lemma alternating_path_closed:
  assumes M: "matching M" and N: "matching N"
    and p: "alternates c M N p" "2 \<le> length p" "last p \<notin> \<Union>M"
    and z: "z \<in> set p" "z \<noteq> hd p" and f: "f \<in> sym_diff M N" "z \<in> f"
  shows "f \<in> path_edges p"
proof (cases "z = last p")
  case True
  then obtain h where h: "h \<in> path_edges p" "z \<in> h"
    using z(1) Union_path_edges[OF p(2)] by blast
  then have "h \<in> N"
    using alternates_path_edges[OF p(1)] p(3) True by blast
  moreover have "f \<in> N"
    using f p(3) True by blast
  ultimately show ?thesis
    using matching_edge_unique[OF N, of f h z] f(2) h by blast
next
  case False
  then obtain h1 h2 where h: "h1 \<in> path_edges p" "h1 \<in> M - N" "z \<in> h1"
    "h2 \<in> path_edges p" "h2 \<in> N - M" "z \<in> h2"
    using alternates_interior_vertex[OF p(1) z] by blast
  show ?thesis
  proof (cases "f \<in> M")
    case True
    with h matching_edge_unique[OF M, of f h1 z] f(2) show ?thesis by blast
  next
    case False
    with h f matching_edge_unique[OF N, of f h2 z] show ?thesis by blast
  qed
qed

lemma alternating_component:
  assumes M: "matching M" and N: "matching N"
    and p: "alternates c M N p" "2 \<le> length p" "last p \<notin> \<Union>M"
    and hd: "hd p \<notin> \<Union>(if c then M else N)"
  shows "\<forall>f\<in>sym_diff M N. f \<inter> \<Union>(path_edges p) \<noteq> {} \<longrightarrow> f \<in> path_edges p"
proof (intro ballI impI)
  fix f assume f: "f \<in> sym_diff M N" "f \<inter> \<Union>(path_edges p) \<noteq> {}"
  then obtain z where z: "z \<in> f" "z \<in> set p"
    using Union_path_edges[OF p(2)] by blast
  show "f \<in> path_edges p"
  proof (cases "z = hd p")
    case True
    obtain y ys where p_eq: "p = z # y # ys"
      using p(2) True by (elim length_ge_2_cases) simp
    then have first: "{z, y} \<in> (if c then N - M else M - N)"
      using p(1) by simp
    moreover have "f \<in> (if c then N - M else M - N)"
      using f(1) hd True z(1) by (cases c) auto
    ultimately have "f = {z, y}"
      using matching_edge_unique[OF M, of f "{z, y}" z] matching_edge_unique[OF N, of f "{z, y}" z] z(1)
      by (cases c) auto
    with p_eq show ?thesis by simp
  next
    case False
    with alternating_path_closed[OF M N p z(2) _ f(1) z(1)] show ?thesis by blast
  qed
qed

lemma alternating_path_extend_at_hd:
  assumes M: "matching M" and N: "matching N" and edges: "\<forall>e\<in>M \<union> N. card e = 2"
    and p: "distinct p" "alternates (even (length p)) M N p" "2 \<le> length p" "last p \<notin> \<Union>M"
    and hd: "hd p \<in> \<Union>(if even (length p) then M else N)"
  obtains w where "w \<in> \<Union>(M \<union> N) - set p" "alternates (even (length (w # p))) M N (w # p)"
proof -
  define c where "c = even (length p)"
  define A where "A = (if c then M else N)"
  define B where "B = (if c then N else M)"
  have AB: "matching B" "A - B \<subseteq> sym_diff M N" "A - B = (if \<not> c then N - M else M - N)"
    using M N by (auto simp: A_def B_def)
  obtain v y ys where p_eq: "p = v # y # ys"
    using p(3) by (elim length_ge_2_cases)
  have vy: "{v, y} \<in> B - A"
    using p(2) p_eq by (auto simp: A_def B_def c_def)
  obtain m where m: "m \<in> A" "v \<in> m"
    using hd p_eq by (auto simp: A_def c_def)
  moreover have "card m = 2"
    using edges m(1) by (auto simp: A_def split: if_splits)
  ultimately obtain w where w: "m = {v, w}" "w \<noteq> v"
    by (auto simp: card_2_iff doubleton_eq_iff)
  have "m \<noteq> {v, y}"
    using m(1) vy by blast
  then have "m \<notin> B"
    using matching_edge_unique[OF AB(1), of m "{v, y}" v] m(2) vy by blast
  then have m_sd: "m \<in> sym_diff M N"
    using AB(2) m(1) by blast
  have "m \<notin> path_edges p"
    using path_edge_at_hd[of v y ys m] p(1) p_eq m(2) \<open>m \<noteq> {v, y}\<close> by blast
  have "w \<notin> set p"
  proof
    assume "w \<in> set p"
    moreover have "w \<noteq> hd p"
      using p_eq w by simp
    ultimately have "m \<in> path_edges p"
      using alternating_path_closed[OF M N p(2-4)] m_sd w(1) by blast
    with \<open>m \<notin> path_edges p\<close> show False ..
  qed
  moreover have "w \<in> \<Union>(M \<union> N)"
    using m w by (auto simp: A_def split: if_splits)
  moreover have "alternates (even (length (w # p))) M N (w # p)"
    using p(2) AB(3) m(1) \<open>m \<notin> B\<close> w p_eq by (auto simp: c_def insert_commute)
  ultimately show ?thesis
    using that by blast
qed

YOUR TASK: All records are to be retyped precisely.

RESPONSE TO THIS EXERCISE:
lemma alternating_path_closed:
  assumes M: "matching M" and N: "matching N"
    and p: "alternates c M N p" "2 \<le> length p" "last p \<notin> \<Union>M"
    and z: "z \<in> set p" "z \<noteq> hd p" and f: "f \<in> sym_diff M N" "z \<in> f"
  shows "f \<in> path_edges p"
proof (cases "z = last p")
  case True
  then obtain h where h: "h \<in> path_edges p" "z \<in> h"
    using z(1) Union_path_edges[OF p(2)] by blast
  then have "h \<in> N"
    using alternates_path_edges[OF p(1)] p(3) True by blast
  moreover have "f \<in> N"
    using f p(3) True by blast
  ultimately show ?thesis
    using matching_edge_unique[OF N, of f h z] f(2) h by blast
next
  case False
  then obtain h1 h2 where h: "h1 \<in> path_edges p" "h1 \<in> M - N" "z \<in> h1"
    "h2 \<in> path_edges p" "h2 \<in> N - M" "z \<in> h2"
    using alternates_interior_vertex[OF p(1) z] by blast
  show ?thesis
  proof (cases "f \<in> M")
    case True
    with h matching_edge_unique[OF M, of f h1 z] f(2) show ?thesis by blast
  next
    case False
    with h f matching_edge_unique[OF N, of f h2 z] show ?thesis by blast
  qed
qed

lemma alternating_component:
  assumes M: "matching M" and N: "matching N"
    and p: "alternates c M N p" "2 \<le> length p" "last p \<notin> \<Union>M"
    and hd: "hd p \<notin> \<Union>(if c then M else N)"
  shows "\<forall>f\<in>sym_diff M N. f \<inter> \<Union>(path_edges p) \<noteq> {} \<longrightarrow> f \<in> path_edges p"
proof (intro ballI impI)
  fix f assume f: "f \<in> sym_diff M N" "f \<inter> \<Union>(path_edges p) \<noteq> {}"
  then obtain z where z: "z \<in> f" "z \<in> set p"
    using Union_path_edges[OF p(2)] by blast
  show "f \<in> path_edges p"
  proof (cases "z = hd p")
    case True
    obtain y ys where p_eq: "p = z # y # ys"
      using p(2) True by (elim length_ge_2_cases) simp
    then have first: "{z, y} \<in> (if c then N - M else M - N)"
      using p(1) by simp
    moreover have "f \<in> (if c then N - M else M - N)"
      using f(1) hd True z(1) by (cases c) auto
    ultimately have "f = {z, y}"
      using matching_edge_unique[OF M, of f "{z, y}" z] matching_edge_unique[OF N, of f "{z, y}" z] z(1)
      by (cases c) auto
    with p_eq show ?thesis by simp
  next
    case False
    with alternating_path_closed[OF M N p z(2) _ f(1) z(1)] show ?thesis by blast
  qed
qed

lemma alternating_path_extend_at_hd:
  assumes M: "matching M" and N: "matching N" and edges: "\<forall>e\<in>M \<union> N. card e = 2"
    and p: "distinct p" "alternates (even (length p)) M N p" "2 \<le> length p" "last p \<notin> \<Union>M"
    and hd: "hd p \<in> \<Union>(if even (length p) then M else N)"
  obtains w where "w \<in> \<Union>(M \<union> N) - set p" "alternates (even (length (w # p))) M N (w # p)"
proof -
  define c where "c = even (length p)"
  define A where "A = (if c then M else N)"
  define B where "B = (if c then N else M)"
  have AB: "matching B" "A - B \<subseteq> sym_diff M N" "A - B = (if \<not> c then N - M else M - N)"
    using M N by (auto simp: A_def B_def)
  obtain v y ys where p_eq: "p = v # y # ys"
    using p(3) by (elim length_ge_2_cases)
  have vy: "{v, y} \<in> B - A"
    using p(2) p_eq by (auto simp: A_def B_def c_def)
  obtain m where m: "m \<in> A" "v \<in> m"
    using hd p_eq by (auto simp: A_def c_def)
  moreover have "card m = 2"
    using edges m(1) by (auto simp: A_def split: if_splits)
  ultimately obtain w where w: "m = {v, w}" "w \<noteq> v"
    by (auto simp: card_2_iff doubleton_eq_iff)
  have "m \<noteq> {v, y}"
    using m(1) vy by blast
  then have "m \<notin> B"
    using matching_edge_unique[OF AB(1), of m "{v, y}" v] m(2) vy by blast
  then have m_sd: "m \<in> sym_diff M N"
    using AB(2) m(1) by blast
  have "m \<notin> path_edges p"
    using path_edge_at_hd[of v y ys m] p(1) p_eq m(2) \<open>m \<noteq> {v, y}\<close> by blast
  have "w \<notin> set p"
  proof
    assume "w \<in> set p"
    moreover have "w \<noteq> hd p"
      using p_eq w by simp
    ultimately have "m \<in> path_edges p"
      using alternating_path_closed[OF M N p(2-4)] m_sd w(1) by blast
    with \<open>m \<notin> path_edges p\<close> show False ..
  qed
  moreover have "w \<in> \<Union>(M \<union> N)"
    using m w by (auto simp: A_def split: if_splits)
  moreover have "alternates (even (length (w # p))) M N (w # p)"
    using p(2) AB(3) m(1) \<open>m \<notin> B\<close> w p_eq by (auto simp: c_def insert_commute)
  ultimately show ?thesis
    using that by blast
qed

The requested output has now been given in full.